There are two approaches that I might suggest. Regardless of these approaches, I would not maintain an actual, valid credential to any registry. As a result, here are two approaches:

  1. Include credentials to a dummy repository. The image pull secret will be added, but will not actually get used
  2. Spin up a registry:2 registry in the kind cluster, secure it with htpasswd and then copy the publicly available cli image to it. The credentials that is used to secure it does not need to be stored as a GitHub secret since it just contains an already publicly available image.

@gniltaws
Copy link
Contributor Author

gniltaws commented Dec 9, 2024

@sabre1041 I like this idea. Can you point me to a doc on what you mean by registry:2 and/or how to set it up?

  1. Spin up a registry:2 registry in the kind cluster, secure it with htpasswd and then copy the publicly available cli image to it. The credentials that is used to secure it does not need to be stored as a GitHub secret since it just contains an already publicly available image.

@itewk
Copy link
Contributor

itewk commented Dec 10, 2024

@sabre1041 I like this idea. Can you point me to a doc on what you mean by registry:2 and/or how to set it up?

we actually already have a kind cluster installed as part of the ci: https://github.com/redhat-cop/helm-charts/blob/main/.github/workflows/install-unit-test.yaml#L57-L61

So in theory you just need to add step to install registry:2 container image (it comes from dockerhub so you can just use the short name) and then you need to do the httpassword confifiguration for it, which that i dont know how to do, but maybe something from this doc: https://distribution.github.io/distribution/about/deploying/

@sabre1041
Copy link
Contributor

@sabre1041 I like this idea. Can you point me to a doc on what you mean by registry:2 and/or how to set it up?

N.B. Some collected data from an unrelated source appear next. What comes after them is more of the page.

lemma subseq_weights_extend:
  fixes as zs ys :: "'a::semiring_0 list"
  assumes "subseq zs ys" "length as = length zs"
  shows "\<exists>b. (\<forall>i<length ys. b i \<in> insert 0 (set as)) \<and> set as \<subseteq> b ` {..<length ys}
    \<and> (\<Sum>i<length zs. as ! i * zs ! i) = (\<Sum>i<length ys. b i * ys ! i)"
  using assms
proof (induction arbitrary: as rule: list_emb.induct)
  case (list_emb_Nil ys)
  then show ?case by (intro exI[of _ "\<lambda>_. 0"]) auto
next
  case (list_emb_Cons zs ys y)
  then obtain b where "\<forall>i<length ys. b i \<in> insert 0 (set as)" "set as \<subseteq> b ` {..<length ys}"
    "(\<Sum>i<length zs. as ! i * zs ! i) = (\<Sum>i<length ys. b i * ys ! i)"
    by blast
  moreover have "(\<Sum>i<length (y # ys). case_nat 0 b i * (y # ys) ! i) = (\<Sum>i<length ys. b i * ys ! i)"
    by (simp only: weighted_sum_Cons) simp
  ultimately show ?case
    using image_case_nat_lessThan[of 0 b "length ys"]
    by (intro exI[of _ "case_nat 0 b"]) (auto simp: less_Suc_eq_0_disj)
next
  case (list_emb_Cons2 z y zs ys)
  then obtain a as' where as: "as = a # as'" "length as' = length zs" by (cases as) auto
  with list_emb_Cons2.IH obtain b where "\<forall>i<length ys. b i \<in> insert 0 (set as')"
    "set as' \<subseteq> b ` {..<length ys}"
    "(\<Sum>i<length zs. as' ! i * zs ! i) = (\<Sum>i<length ys. b i * ys ! i)"
    by blast
  moreover have "(\<Sum>i<length (y # ys). case_nat a b i * (y # ys) ! i) = a * y + (\<Sum>i<length ys. b i * ys ! i)"
    "(\<Sum>i<length (z # zs). as ! i * (z # zs) ! i) = a * z + (\<Sum>i<length zs. as' ! i * zs ! i)"
    using as(1) by (simp_all only: weighted_sum_Cons) simp_all
  ultimately show ?case
    using as(1) list_emb_Cons2.hyps image_case_nat_lessThan[of a b "length ys"]
    by (intro exI[of _ "case_nat a b"]) (auto simp: less_Suc_eq_0_disj)
qed
(* Let $E: y^2=x^3+Ax+B$ ($A,B\in\mathbb{Z}$) be an elliptic curve over $\mathbb{Q}$. There exist constants $c_1,c_2$ depending only on $E$ such that for every squarefree positive integer $D$ and every point $P\ne O$ of $E_D(\mathbb{Q})$, where $E_D: y^2=x^3+D^2Ax+D^3B$, \[c_1-\log D\le \hat h(P)-h(P)\le c_2+\log D,\] and if in addition $x(P)>D$, then \[c_1-\log D\le \hat h(P)-h(P)\le c_2.\]
   Context: $h$ is the absolute logarithmic Weil height on $\overline{\mathbb{Q}}$; for a point $P$ on an elliptic curve in Weierstrass form, $h(P)=h(x(P))$ and $\hat h(P)=\lim_{n\to\infty} h(2^nP)/4^n$ (the canonical height, not normalized by the factor $1/2$). *)

theory Defs
  imports Complex_Main "HOL-Computational_Algebra.Squarefree"
begin

text \<open>Points of a Weierstrass curve y^2 = x^3 + a x + b over Q:
  None is the point at infinity O, Some (x,y) an affine point.\<close>

definition on_curve :: "rat \<Rightarrow> rat \<Rightarrow> rat \<times> rat \<Rightarrow> bool" where
  "on_curve a b p \<longleftrightarrow> (snd p)^2 = (fst p)^3 + a * fst p + b"

definition weil_height :: "rat \<Rightarrow> real" where
  "weil_height r = (case quotient_of r of (p, q) \<Rightarrow> ln (real_of_int (max \<bar>p\<bar> \<bar>q\<bar>)))"

definition pt_height :: "(rat \<times> rat) option \<Rightarrow> real" where
  "pt_height P = (case P of None \<Rightarrow> 0 | Some p \<Rightarrow> weil_height (fst p))"

definition ec_double :: "rat \<Rightarrow> rat \<Rightarrow> (rat \<times> rat) option \<Rightarrow> (rat \<times> rat) option" where
  "ec_double a b P = (case P of None \<Rightarrow> None
     | Some (x, y) \<Rightarrow> if y = 0 then None else
         (let l = (3 * x^2 + a) / (2 * y); x' = l^2 - 2 * x; y' = l * (x - x') - y
          in Some (x', y')))"

text \<open>Canonical height (not normalised by 1/2): lim h(2^n P) / 4^n.\<close>
definition canonical_height :: "rat \<Rightarrow> rat \<Rightarrow> (rat \<times> rat) option \<Rightarrow> real" where
  "canonical_height a b P = lim (\<lambda>n. pt_height ((ec_double a b ^^ n) P) / 4 ^ n)"

end

theory Submission
  imports Defs
begin

(* Write x(P)/D = u/v in lowest terms. Since (x, y) |-> (x/D, y/D^(3/2)) maps E_D onto E,
   the duplication formula of E gives x(2P)/D = F(u,v)/G(u,v) for integral binary quartics F, G
   depending only on A and B. Two Bezout identities with right-hand sides 4 Delta u^7 and
   4 Delta v^7, Delta = 4 A^3 + 27 B^2, show that gcd(F(u,v), G(u,v)) divides 4 Delta and that
   max(|F(u,v)|, |G(u,v)|) is comparable to max(|u|, |v|)^4. Hence h(x(2P)/D) = 4 h(x(P)/D) + O(1)
   uniformly in D, and Tate's telescoping argument gives |hhat(P) - h(x(P)/D)| <= C/3.
   Finally h(x) and h(x/D) differ by at most log D, and h(x/D) <= h(x) once x > D. *)

lemma ln_le_ln_add:
  fixes a b c :: real
  assumes "0 < a" "0 < c" "a \<le> b * c"
  shows "ln a \<le> ln b + ln c"
proof -
  have "0 < b * c" using assms by linarith
  then have "0 < b" using assms(2) by (simp add: zero_less_mult_iff)
  have "ln a \<le> ln (b * c)" using assms \<open>0 < b * c\<close> by simp
  also have "\<dots> = ln b + ln c" using \<open>0 < b\<close> assms(2) by (simp add: ln_mult)
  finally show ?thesis .
qed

we actually already have a kind cluster installed as part of the ci: https://github.com/redhat-cop/helm-charts/blob/main/.github/workflows/install-unit-test.yaml#L57-L61

So in theory you just need to add step to install registry:2 container image (it comes from dockerhub so you can just use the short name) and then you need to do the httpassword confifiguration for it, which that i dont know how to do, but maybe something from this doc: https://distribution.github.io/distribution/about/deploying/

I have a deployment (OCP based but im sure you can tweak it for KIND) that uses htpasswd. @gniltaws @itewk feel free to hit me up on Wednesday and Ill share

@sabre1041
Copy link
Contributor

@itewk @gniltaws I spent a little bit of time and tested the following in a KIND cluster

Namespace

apiVersion: v1
kind: Namespace
metadata:
  name: registry

PersistentVolumeClaim

kind: PersistentVolumeClaim
apiVersion: v1
metadata:
  name: registry
  namespace: registry
spec:
  accessModes:
    - ReadWriteOnce
  resources:
    requests:
      storage: 30Gi

Service

apiVersion: v1
kind: Service
metadata:
  labels:
    app: registry
  name: registry
  namespace: registry
spec:
  ports:
    - name: http
      port: 5000
      protocol: TCP
      targetPort: 5000
  selector:
    app: registry
  sessionAffinity: None
  type: ClusterIP

Secret
Add a htpasswd file to a secret

apiVersion: v1
data:
  htpasswd: <base64_htpasswd>
kind: Secret
metadata:
  name: htpasswd
  namespace: registry

Ingress
May not be needed if you want to use internal Kubernetes services

apiVersion: networking.k8s.io/v1
kind: Ingress
metadata:
  name: registry
  namespace: registry
spec:
  rules:
  - host: registry.<ip_address>.nip.io
    http:
      paths:
      - path: /
        pathType: Prefix
        backend:
          service:
            name: registry
            port:
              number: 5000

Deployment

apiVersion: apps/v1
kind: Deployment
metadata:
  name: registry
  namespace: registry
spec:
  progressDeadlineSeconds: 600
  replicas: 1
  revisionHistoryLimit: 10
  selector:
    matchLabels:
      app: registry
  strategy:
    type: Recreate
  template:
    metadata:
      labels:
        app: registry
    spec:
      containers:
        - env:
            - name: REGISTRY_HTTP_ADDR
              value: :5000
            - name: REGISTRY_STORAGE_FILESYSTEM_ROOTDIRECTORY
              value: /var/lib/registry
            - name: REGISTRY_AUTH
              value: htpasswd
            - name: REGISTRY_AUTH_HTPASSWD_REALM
              value: Registry Realm
            - name: REGISTRY_AUTH_HTPASSWD_PATH
              value: /auth/htpasswd
          image: registry:2
          imagePullPolicy: IfNotPresent
          name: registry
          ports:
            - containerPort: 5000
              name: http
              protocol: TCP
          resources:
            limits:
              cpu: 500m
              memory: 128Mi
          terminationMessagePath: /dev/termination-log
          terminationMessagePolicy: File
          volumeMounts:
            - mountPath: /var/lib/registry
              name: registry
            - mountPath: /auth
              name: htpasswd
      dnsPolicy: ClusterFirst
      restartPolicy: Always
      schedulerName: default-scheduler
      securityContext: {}
      terminationGracePeriodSeconds: 30
      volumes:
        - name: registry
          persistentVolumeClaim:
            claimName: registry
        - name: htpasswd
          secret:
            defaultMode: 420
            secretName: htpasswd

@itewk
Copy link
Contributor

itewk commented Dec 12, 2024

@sabre1041 you are 1 in a billion.

@gniltaws can you incorperate that config into the CI testing pipeline as part of this change with your test?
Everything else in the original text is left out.